The story dominated Australian politics for the next few weeks, created lasting schisms in the Labor Party, and almost ended former prime minister Gough Whitlam’s career. It was bylined a “Special Correspondent”. That correspondent was in fact Rupert Murdoch filing from London.
This bizarre and unique episode is the only case of a major Australian political party seeking funds from a foreign government, and not just any foreign government but a brutal, authoritarian one, later to be led by the murderous Saddam Hussein.
It was born out of Labor’s desperation. After the governor-general’s dismissal of the Whitlam Government on 11 November 1975, Labor was faced with fighting its third federal election campaign in three years, facing almost certain defeat amid the economic upheavals of stagflation, and hopelessly short of funds.
After a national executive meeting on 16 November, the left-wing Victorian senator, Bill Hartley, approached National Secretary David Combe with the idea that there could be funds available from Arab sources with no strings attached. Combe put it to Whitlam who approved the idea.
Hartley then approached Henri Fischer, with whom he apparently had a friendship and who had good sources in Iraq.
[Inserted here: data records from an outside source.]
lemma ssh_Suc_eq:
  assumes "p \<ge> 2"
  shows "(of_nat n + 2) * ssh p s (Suc n)
           = s 0 * ((of_nat n + 1) * ssh p s n)
             + (of_nat n + 2) * (\<Sum>f\<in>{f\<in>sh_indices p (Suc n). f 1 = Suc n}. ssh_term p s f)"
proof -
  let ?I = "sh_indices p (Suc n)"
  have "(\<Sum>f\<in>?I - {f. f 1 = Suc n}. (of_nat n + 2) * ssh_term p s f)
          = (\<Sum>g\<in>sh_indices p n. (of_nat n + 2) * ssh_term p s (g(0 := Suc n)))"
  proof (rule sum.reindex_bij_witness[where i = "\<lambda>g. g(0 := Suc n)" and j = "\<lambda>f. f(0 := n)"])
    fix f
    assume f: "f \<in> ?I - {f. f 1 = Suc n}"
    then have "f 0 = Suc n" and "f 1 \<le> n"
      using sh_indices_le[of f p "Suc n" 1] by (auto simp: sh_indices_def)
    then show "(f(0 := n))(0 := Suc n) = f" and "f(0 := n) \<in> sh_indices p n"
      using f assms by (auto simp: sh_indices_def less_Suc_eq_0_disj)
  next
    fix g
    assume g: "g \<in> sh_indices p n"
    then show "(g(0 := Suc n))(0 := n) = g" and "g(0 := Suc n) \<in> ?I - {f. f 1 = Suc n}"
      using sh_indices_le[of g p n 1] assms by (auto simp: sh_indices_def less_Suc_eq_0_disj)
  qed (auto simp: sh_indices_def fun_upd_idem)
  also have "\<dots> = s 0 * ((of_nat n + 1) * ssh p s n)"
    unfolding ssh_eq_sum_ssh_term sum_distrib_left using assms
    by (intro sum.cong refl ssh_term_update_0)
  finally show ?thesis
    unfolding ssh_eq_sum_ssh_term sum_distrib_left
    using sum.Int_Diff[OF finite_sh_indices, of "\<lambda>f. (of_nat n + 2) * ssh_term p s f" p "Suc n" "{f. f 1 = Suc n}"]
    by (simp add: Int_def add.commute)
qed

lemma norm_ssh_Suc_diff_le:
  assumes "p \<ge> 1" and "\<And>i. i < p \<Longrightarrow> norm (s i) \<le> 1"
  shows "norm ((of_nat n + 2) * ssh p s (Suc n) - s 0 * ((of_nat n + 1) * ssh p s n))
           \<le> harm (Suc (Suc n)) ^ (p - 1) / (real n + 2)"
proof (cases "p = 1")
  case True
  have "(of_nat n + 2) * ssh 1 s (Suc n) = s 0 ^ Suc (Suc n)"
    using ssh_1[of "Suc n" s] by (simp add: add.commute)
  then show ?thesis
    using True ssh_1[of n s] by (simp add: add.commute)
next
  case False
  let ?S = "{f\<in>sh_indices p (Suc n). f 1 = Suc n}"
  have "norm ((of_nat n + 2) * ssh p s (Suc n) - s 0 * ((of_nat n + 1) * ssh p s n))
          = (real n + 2) * norm (\<Sum>f\<in>?S. ssh_term p s f)"
    using False assms(1) ssh_Suc_eq[of p n s] by (simp add: norm_mult norm_of_nat_plus_two)
  also have "\<dots> \<le> (real n + 2) * (harm (Suc (Suc n)) ^ (p - 2) / (real (Suc n) + 1) ^ 2)"
    using False assms
    by (intro mult_left_mono order.trans[OF norm_sum] order.trans[OF sum_mono sum_prod_inverse_sh_indices_le]
          norm_ssh_term_le)
       (auto simp: sh_indices_def numeral_2_eq_2 less_Suc_eq)
  also have "\<dots> = harm (Suc (Suc n)) ^ (p - 2) / (real n + 2)"
    by (simp add: power2_eq_square add.commute)
  also have "\<dots> \<le> harm (Suc (Suc n)) ^ (p - 1) / (real n + 2)"
    using one_le_harm[of "Suc (Suc n)"] by (intro divide_right_mono power_increasing) auto
  finally show ?thesis .
qed
(* Let $(M,d,e)$ be a commutative comonoid in the symmetric monoidal category $\mathcal{C}_G$ of payoff Conway games. Then $M$ is a negative Conway game, i.e. every initial move of $M$ is an Opponent move.
   Context: A Conway game $A=(V_A,E_A,\lambda_A)$ is a rooted directed graph with root $\star_A$ and polarity $\lambda_A:E_A\to\{-1,+1\}$ ($-1$ Opponent, $+1$ Player); an initial move is an edge leaving $\star_A$. Plays are paths from the root; a strategy on $A$ is a set of alternating even-length plays containing the empty play, whose nonempty plays start with an Opponent move, closed under even-length prefixes and deterministic. A payoff game additionally has $\kappa_A=(\kappa^+_A,\kappa^-_A)$ from paths to $\mathbb{N}\times\mathbb{N}$ with: $\lambda_A(m)=-1\Rightarrow\kappa^+_A(m)=0$, $\lambda_A(m)=+1\Rightarrow\kappa^-_A(m)=0$; $\kappa_A(t)\le\kappa_A(s;t)$; $\kappa_A(s;t)\le\kappa_A(s)+\kappa_A(t)$; empty paths have payoff $(0,0)$. $A^*$ reverses polarities and swaps $\kappa^+,\kappa^-$; $A\otimes B$ is the product graph (moves in either component, polarity and payoff summed from projections); $1$ is the one-position game. $\mathcal{C}_G$ has payoff games as objects and as morphisms $A\to B$ the winning strategies on $A^*\otimes B$ (those whose every played path $s$ satisfies $\kappa^+(s)=0\Rightarrow\kappa^-(s)=0$), composed by parallel composition and hiding, with copycat identities; it is symmetric monoidal with $\otimes$, unit $1$ and symmetry $\alpha_{A,B}:A\otimes B\to B\otimes A$ the copycat strategy swapping components. A commutative comonoid is an object $M$ with $d:M\to M\otimes M$ and $e:M\to 1$ satisfying coassociativity, counit laws and $d;\alpha_{M,M}=d$. *)

theory Defs
  imports Main
begin

text \<open>A Conway game: a rooted directed (multi)graph with positions Pos, moves (edges) Mv,
  source/target maps, a root, a polarity pol (-1 = Opponent, +1 = Player) and a payoff
  (kp, km) = (kappa+, kappa-) on paths.\<close>

record ('v, 'e) cgame =
  Pos :: "'v set"
  Mv  :: "'e set"
  src :: "'e \<Rightarrow> 'v"
  tgt :: "'e \<Rightarrow> 'v"
  root :: "'v"
  pol :: "'e \<Rightarrow> int"
  kp  :: "'e list \<Rightarrow> nat"
  km  :: "'e list \<Rightarrow> nat"

fun path_from :: "('v, 'e) cgame \<Rightarrow> 'v \<Rightarrow> 'e list \<Rightarrow> bool" where
  "path_from G x [] = True"
| "path_from G x (m # s) = (m \<in> Mv G \<and> src G m = x \<and> path_from G (tgt G m) s)"

definition is_path :: "('v, 'e) cgame \<Rightarrow> 'e list \<Rightarrow> bool" where
  "is_path G s \<longleftrightarrow> s = [] \<or> path_from G (src G (hd s)) s"

definition play :: "('v, 'e) cgame \<Rightarrow> 'e list \<Rightarrow> bool" where
  "play G s \<longleftrightarrow> path_from G (root G) s"

definition conway_game :: "('v, 'e) cgame \<Rightarrow> bool" where
  "conway_game G \<longleftrightarrow> root G \<in> Pos G \<and>
     (\<forall>m\<in>Mv G. src G m \<in> Pos G \<and> tgt G m \<in> Pos G \<and> pol G m \<in> {-1, 1})"
(* Let $A$ be a parametric timed B\"uchi automaton and $\alpha$ a finite abstraction over its symbolic semantics $[\![A]\!]$. A parameter valuation $v$ is contained in the output set $Accepted$ of $CumulativeNDFS([\![A]\!]^\alpha)$ if and only if there exists an accepting run respecting $v$ in $[\![A]\!]^\alpha$.
   Context: Parameters and guards. $P$ is a finite set of parameters; affine expressions $z_0+\sum z_ip_i$ ($z_i\in\mathbb Z$, $p_i\in P$) form $E(P)$. A parameter valuation is $v:P\to\mathbb Z$; bounds $lb,ub:P\to\mathbb Z$ are fixed. $X$ is a finite set of clocks with a zero clock $x_0$. A guard is a finite conjunction of $x_i-x_j\sim e$, $e\in E(P)$, $\sim\in\{\le,<\}$; simple if always $x_i=x_0$ or $x_j=x_0$. Clock valuations $\eta:X\to\mathbb R_{\ge0}$ with $\eta(x_0)=0$; $\eta+d$ delays, $\eta\langle R\rangle$ resets $R$. A PTA is $M=(L,l_0,X,P,\Delta,Inv)$, $\Delta\subseteq L\times(\text{simple guards})\times2^X\times L$, $Inv$ maps locations to simple guards; $[\![M]\!]_v$ has states $(l,\eta)$, initial $(l_0,\mathbf0)$, delay steps $(l,\eta)\xrightarrow{d}(l,\eta+d)$ if $(v,\eta+d)\models Inv(l)$, action steps $(l,\eta)\xrightarrow{act}(l',\eta\langle R\rangle)$ if $(l,g,R,l')\in\Delta$, $(v,\eta)\models g$, $(v,\eta\langle R\rangle)\models Inv(l')$. A PTBA is $A=(M,F)$ with accepting locations $F\subseteq L$. Constraints $e\sim e'$, constraint sets $C$ (finite), $[\![C]\!]$ = satisfying valuations, $C\models c$ iff $[\![C]\!]\subseteq[\![c]\!]$. A PDBM $D$ has entries $D_{ij}:x_i-x_j\prec_{ij}e_{ij}$ ($0\le i,j\le|X|$, $\prec_{ij}\in\{\le,<\}$, $e_{ij}\in E(P)\cup\{\infty\}$, $e_{ii}=0$); a CPDBM is $(C,D)$ with $C\models e_{0i}\ge0$; $[\![C,D]\!]=\{(v,\eta):v\in[\![C]\!],\eta\text{ satisfies }D\text{ under }v\}$. Identify $\le$ with true, $<$ with false. Reset $(C,D)\langle x_r\rangle$: entries $rj:=D_{0j}$, $ir:=D_{i0}$ ($i,j\ne r$). Time successor: entries $i0:=(\infty,<)$ for $i\neq0$. Guard $g:x_i-x_j\prec e$, $c:=e_{ij}(\prec_{ij}\Rightarrow\prec)e$: $(C,D)[g]=\{(C,D[g])\}$ if $C\models\neg c$, $\{(C,D)\}$ if $C\models c$, else $\{(C\cup\{c\},D),(C\cup\{\neg c\},D[g])\}$, $D[g]$ setting entry $ij$ to $(e,\prec)$; conjunctions sequentially. Canonisation $(C,D)_c$: all outcomes of nondeterministic Floyd–Warshall, replacing for $k,i,j=0..|X|$ (in that nesting order) the current $(C,D)$ by an element of $(C,D)[x_i-x_j(\prec_{ik}\wedge\prec_{kj})e_{ik}+e_{kj}]$. Symbolic semantics $[\![A]\!]$: states $(l,[\![C,D]\!])$, with $s.[\![C]\!]:=[\![C]\!]$ for $s=(l,[\![C,D]\!])$; accepting if $l\in F$. Initial states $(l_0,[\![C,D]\!])$, $(C,D)\in(C_0,E^\uparrow)[Inv(l_0)]$, $E$ all entries $(0,\le)$, $C_0=\{lb(p)\le p,p\le ub(p)\}$. $(l,[\![C,D]\!])\Longrightarrow(l',[\![C'_c,D'_c]\!])$ iff $(l,g,R,l')\in\Delta$, $(C'',D'')\in(C,D)[g]$, $(C''_c,D''_c)\in(C'',D'')_c$, $(C',D')\in(C''_c,D''_c\langle R\rangle^\uparrow)[Inv(l')]$, $(C'_c,D'_c)\in(C',D')_c$. Abstraction: $s\in_vS$ for concrete $s=(l,\eta)$, symbolic $S=(l,[\![C,D]\!])$ means $v\in[\![C]\!]$ and $\eta$ satisfies $D$ under $v$; $\preccurlyeq$ is the largest time-abstracting simulation on $[\![M]\!]_v$. An abstraction $\alpha$ maps symbolic states to sets of symbolic states with (i) $(l',[\![C',D']\!])\in\alpha((l,[\![C,D]\!]))\Rightarrow l=l'$, $[\![C']\!]\subseteq[\![C]\!]$, $[\![C',D]\!]\subseteq[\![C',D']\!]$; (ii) for each $v\in[\![C]\!]$ there are $S_1$, $S_2\in\alpha(S_1)$ with every $s\in_vS_2$ simulated ($s\preccurlyeq s'$) by some $s'\in_vS_1$. It is finite if its image is finite. $[\![A]\!]^\alpha$: states $\{S\in\alpha(S')\}$, initial states images of initial states, $Q\Longrightarrow^\alpha Q'$ iff $Q\Longrightarrow S$, $Q'\in\alpha(S)$. A run of $[\![A]\!]^\alpha$ is an infinite $\Longrightarrow^\alpha$-path from an initial state; accepting if it visits accepting states infinitely often; respects $v$ if $v\in s.[\![C]\!]$ for every state $s$ on it. Algorithm CumulativeNDFS on the finite graph $G=[\![A]\!]^\alpha$ (initial state $s_{init}$): initialise $Found,Stack,Outer,Inner:=\emptyset$; call $OuterDFS(s_{init})$; return $Accepted:=Found$. $OuterDFS(s)$: add $s$ to $Stack$ and $Outer$; for each successor $s'$ of $s$, if $s'\notin Outer$, $s'\notin Stack$ and $s'.[\![C]\!]\not\subseteq Found$, call $OuterDFS(s')$; after the loop, if $s$ is accepting and $s.[\![C]\!]\not\subseteq Found$, call $InnerDFS(s)$; then remove $s$ from $Stack$. $InnerDFS(s)$: add $s$ to $Inner$; for each successor $s'$ of $s$: if $s'\in Stack$, set $Found:=Found\cup s'.[\![C]\!]$ and return; if $s'\notin Inner$ and $s'.[\![C]\!]\not\subseteq Found$, call $InnerDFS(s')$. *)

theory Defs
  imports Main "HOL-Library.Extended_Real"
begin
Fischer (extreme right-wing and racist) and Hartley (extreme left-wing) were polar opposites politically, but both shared pro-Palestine/anti-Israel views.
Fischer left for Baghdad. On 10 December, three days before the election, two “gun toting” Arabs met Whitlam and Combe in Fischer’s Sydney apartment. The Iraqis promised half a million US dollars from the Baath regime. On the basis of this promise, Combe authorised more last-minute advertising.
After Labor’s overwhelming defeat, morale in the party was very low. To make matters even worse, no money arrived. Combe and others were increasingly desperate as Labor’s advertising agency was threatened with bankruptcy, unable to pay for the extra advertising the party had ordered on the basis of the promise.
News of the staggering proposal reached more people in the ALP, and alarm spread in Labor’s senior circles. Australia’s leading political journalist, Laurie Oakes, became aware of what had occurred and, on the same day as The Australian, the Sun published the sensational story.
Like all such spectacular leaks, there was much speculation about Oakes’ source. Senior Labor figures, such as Combe and John Ducker, were convinced who the source was, and soon after Ducker forced NSW general secretary, Geoff Cahill, out of his job, although Oakes maintains that Cahill was not his source.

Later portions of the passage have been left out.